In deze zaak heeft de voorzieningenrechter van de Rechtbank Oost-Brabant op 5 september 2019 uitspraak gedaan op het verzoek om een voorlopige voorziening van verzoekster, die een bijstandsuitkering had aangevraagd. De aanvraag was door het college van burgemeester en wethouders van de gemeente Eindhoven buiten behandeling gesteld. Verzoekster had bezwaar gemaakt tegen dit besluit, maar dit werd ongegrond verklaard. Vervolgens heeft zij beroep ingesteld en verzocht om een voorlopige voorziening, omdat zij al een jaar zonder inkomsten zou zijn en bij haar moeder inwoonde.

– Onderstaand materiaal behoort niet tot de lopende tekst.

lemma nonvanishing_separating_pair_critical:
  fixes v w0 z2 :: complex
  assumes "v \<noteq> 0" "w0 \<noteq> 0" "r > 0"
  obtains W G where "W holomorphic_on ball 0 1" "0 \<notin> W ` ball 0 1" "W 0 = w0" "deriv W 0 = v"
    "G holomorphic_on ball 0 1" "G ` ball 0 1 \<subseteq> ball z2 r" "G 0 = z2" "deriv G 0 = 0"
    "inj_on (\<lambda>t. (W t, G t)) (ball 0 1)"
proof
  define A where "A = v / w0"
  have "A \<noteq> 0"
    using assms(1,2) by (simp add: A_def)
  define M where "M = norm A + exp (norm A) + 1"
  have "M > 0"
    unfolding M_def by (simp add: add_nonneg_pos)
  define \<rho> where "\<rho> = complex_of_real (r / (2 * M))"
  have norm_\<rho>: "norm \<rho> = r / (2 * M)"
    unfolding \<rho>_def norm_of_real using assms(3) \<open>M > 0\<close> by simp
  then have "\<rho> \<noteq> 0"
    using assms(3) \<open>M > 0\<close> by auto
  define W where "W = (\<lambda>t. w0 * exp (A * t))"
  define G where "G = (\<lambda>t. z2 + \<rho> * (A * t - exp (A * t) + 1))"
  show "W holomorphic_on ball 0 1" "G holomorphic_on ball 0 1"
    unfolding W_def G_def by (intro holomorphic_intros)+
  show "0 \<notin> W ` ball 0 1" "W 0 = w0" "G 0 = z2"
    using assms(2) by (auto simp: W_def G_def)
  have "(W has_field_derivative w0 * A) (at 0)"
    unfolding W_def by (rule derivative_eq_intros refl | simp)+
  then show "deriv W 0 = v"
    using assms(2) by (simp add: DERIV_imp_deriv A_def)
  have "(G has_field_derivative \<rho> * (A - A)) (at 0)"
    unfolding G_def by (rule derivative_eq_intros refl | simp)+
  then show "deriv G 0 = 0"
    by (simp add: DERIV_imp_deriv)
  show "G ` ball 0 1 \<subseteq> ball z2 r"
  proof (rule image_subsetI)
    fix t :: complex assume "t \<in> ball 0 1"
    then have "norm (A * t) \<le> norm A"
      by (simp add: norm_mult mult_left_le)
    then have "norm (exp (A * t)) \<le> exp (norm A)"
      using norm_exp order_trans by fastforce
    then have "norm (A * t - exp (A * t) + 1) \<le> M"
      using \<open>norm (A * t) \<le> norm A\<close> norm_triangle_ineq[of "A * t - exp (A * t)" 1]
        norm_triangle_ineq4[of "A * t" "exp (A * t)"]
      unfolding M_def norm_one by linarith
    have "dist z2 (G t) = norm \<rho> * norm (A * t - exp (A * t) + 1)"
      by (simp add: G_def dist_norm norm_mult)
    also have "\<dots> \<le> r / (2 * M) * M"
      unfolding norm_\<rho> using \<open>norm (A * t - exp (A * t) + 1) \<le> M\<close> assms(3) \<open>M > 0\<close>
      by (intro mult_left_mono) auto
    also have "\<dots> < r"
      using assms(3) \<open>M > 0\<close> by simp
    finally show "G t \<in> ball z2 r"
      by simp
  qed
  show "inj_on (\<lambda>t. (W t, G t)) (ball 0 1)"
  proof (rule inj_onI)
    fix s t assume "(W s, G s) = (W t, G t)"
    then have "exp (A * s) = exp (A * t)" and "G s = G t"
      using assms(2) by (auto simp: W_def)
    then have "A * s = A * t"
      using \<open>\<rho> \<noteq> 0\<close> by (simp add: G_def)
    then show "s = t"
      using \<open>A \<noteq> 0\<close> by simp
  qed
qed

lemma injective_disc_with_tangent_of_disc:
  fixes \<psi> g :: "complex \<Rightarrow> complex"
  assumes "\<psi> holomorphic_on - {0}" "inj_on \<psi> (- {0})" "\<psi> ` (- {0}) \<subseteq> D1" "w0 \<noteq> 0"
    and "g holomorphic_on ball 0 1" "g ` ball 0 1 \<subseteq> D2" "deriv g 0 \<noteq> 0"
  obtains f where "hol_disc f (D1 \<times> D2)" "inj_on f (ball 0 1)" "f 0 = (\<psi> w0, g 0)"
    "disc_deriv0 f = (v, deriv g 0)"
proof -
  have "deriv \<psi> w0 \<noteq> 0"
    using assms(1,2,4) by (intro holomorphic_injective_imp_regular) auto
  obtain W where W: "W holomorphic_on ball 0 1" "0 \<notin> W ` ball 0 1" "W 0 = w0"
    "deriv W 0 = v / deriv \<psi> w0" "inj_on (\<lambda>t. (W t, g t)) (ball 0 1)"
    using nonvanishing_separating_companion[OF assms(5,7,4)] .
  have "W ` ball 0 1 \<subseteq> - {0}"
    using W(2) by blast
  note f = hol_disc_Times_compose_injective[OF open_Compl[OF closed_singleton] assms(1-3) W(1) this
      assms(5,6) W(5)]
  show ?thesis
    by (rule that[OF f(1,2)]) (use f(3) W(3,4) \<open>deriv \<psi> w0 \<noteq> 0\<close> in simp_all)
qed

lemma injective_disc_with_horizontal_tangent:
  fixes \<psi> :: "complex \<Rightarrow> complex"
  assumes "\<psi> holomorphic_on - {0}" "inj_on \<psi> (- {0})" "\<psi> ` (- {0}) \<subseteq> D1" "w0 \<noteq> 0"
    and "v \<noteq> 0" "open D2" "z2 \<in> D2"
  obtains f where "hol_disc f (D1 \<times> D2)" "inj_on f (ball 0 1)" "f 0 = (\<psi> w0, z2)"
    "disc_deriv0 f = (v, 0)"
proof -
  obtain r where "r > 0" and ball_D2: "ball z2 r \<subseteq> D2"
    using assms(6,7) open_contains_ball by blast
  have "deriv \<psi> w0 \<noteq> 0"
    using assms(1,2,4) by (intro holomorphic_injective_imp_regular) auto
  then have "v / deriv \<psi> w0 \<noteq> 0"
    using assms(5) by simp
  obtain W G where W: "W holomorphic_on ball 0 1" "0 \<notin> W ` ball 0 1" "W 0 = w0"
    "deriv W 0 = v / deriv \<psi> w0" and G: "G holomorphic_on ball 0 1" "G ` ball 0 1 \<subseteq> ball z2 r"
    "G 0 = z2" "deriv G 0 = 0" and inj: "inj_on (\<lambda>t. (W t, G t)) (ball 0 1)"
    using nonvanishing_separating_pair_critical[OF \<open>v / deriv \<psi> w0 \<noteq> 0\<close> assms(4) \<open>r > 0\<close>] .
  have W_into: "W ` ball 0 1 \<subseteq> - {0}"
    using W(2) by blast
  have G_into: "G ` ball 0 1 \<subseteq> D2"
    using G(2) ball_D2 by blast
  note f = hol_disc_Times_compose_injective[OF open_Compl[OF closed_singleton] assms(1-3)
      W(1) W_into G(1) G_into inj]
  show ?thesis
    by (rule that[OF f(1,2)]) (use f(3) W(3,4) G(3,4) \<open>deriv \<psi> w0 \<noteq> 0\<close> in simp_all)
qed

lemma injective_disc_with_same_tangent:
  fixes \<psi> :: "complex \<Rightarrow> complex"
  assumes "\<psi> holomorphic_on - {0}" "inj_on \<psi> (- {0})" "\<psi> ` (- {0}) \<subseteq> D1" "w0 \<noteq> 0"
    and "open D2" "hol_disc f (D1 \<times> D2)" "f 0 = (\<psi> w0, z2)" "disc_deriv0 f \<noteq> (0, 0)"
  obtains g where "hol_disc g (D1 \<times> D2)" "inj_on g (ball 0 1)" "g 0 = f 0"
    "disc_deriv0 g = disc_deriv0 f"
proof (cases "snd (disc_deriv0 f) = 0")
  case True
  then have "fst (disc_deriv0 f) \<noteq> 0"
    using assms(8) by (auto simp: prod_eq_iff)
  moreover have "z2 \<in> D2"
    using hol_disc_center_mem[OF assms(6)] assms(7) by simp
  ultimately obtain g where "hol_disc g (D1 \<times> D2)" "inj_on g (ball 0 1)" "g 0 = (\<psi> w0, z2)"
    "disc_deriv0 g = (fst (disc_deriv0 f), 0)"
    using injective_disc_with_horizontal_tangent[OF assms(1-4) _ assms(5)] by metis
  then show ?thesis
    using that True assms(7) by (metis prod.collapse)
next
  case False
  define f2 where "f2 = (\<lambda>t. snd (f t))"
  have "f2 holomorphic_on ball 0 1" "f2 ` ball 0 1 \<subseteq> D2" "f2 0 = z2"
    "deriv f2 0 = snd (disc_deriv0 f)"
    using assms(6,7) by (auto simp: f2_def hol_disc_def disc_deriv0_def)
  then obtain g where "hol_disc g (D1 \<times> D2)" "inj_on g (ball 0 1)" "g 0 = (\<psi> w0, z2)"
    "disc_deriv0 g = (fst (disc_deriv0 f), snd (disc_deriv0 f))"
    using injective_disc_with_tangent_of_disc[OF assms(1-4)] False by metis
  then show ?thesis
    using that assms(7) by simp
qed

Tijdens de zitting op 4 september 2019 heeft verzoekster, bijgestaan door haar gemachtigde, haar situatie toegelicht. Ze stelde dat er een spoedeisend belang was bij het treffen van een voorlopige voorziening, omdat de beroepszaak pas medio november 2019 zou worden behandeld. Verzoekster gaf aan dat haar moeder haar financieel ondersteunde, maar dat de kosten voor haar moeder opliepen en dat het spaargeld opraakte. De voorzieningenrechter heeft echter geoordeeld dat verzoekster niet voldoende aannemelijk heeft gemaakt dat er sprake was van een financieel spoedeisend belang. De voorzieningenrechter merkte op dat verzoekster niet had onderbouwd dat haar moeder niet meer in staat zou zijn om haar te ondersteunen.
De voorzieningenrechter heeft geconcludeerd dat niet voldaan was aan de voorwaarden voor het treffen van een voorlopige voorziening, zoals gesteld in artikel 8:81 van de Algemene wet bestuursrecht. Het verzoek om voorlopige voorziening is afgewezen, en de inhoudelijke beroepsgronden zullen in de beroepszaak worden beoordeeld. Er is geen aanleiding voor een proceskostenveroordeling. De uitspraak is openbaar gedaan en er staat geen rechtsmiddel open tegen deze beslissing.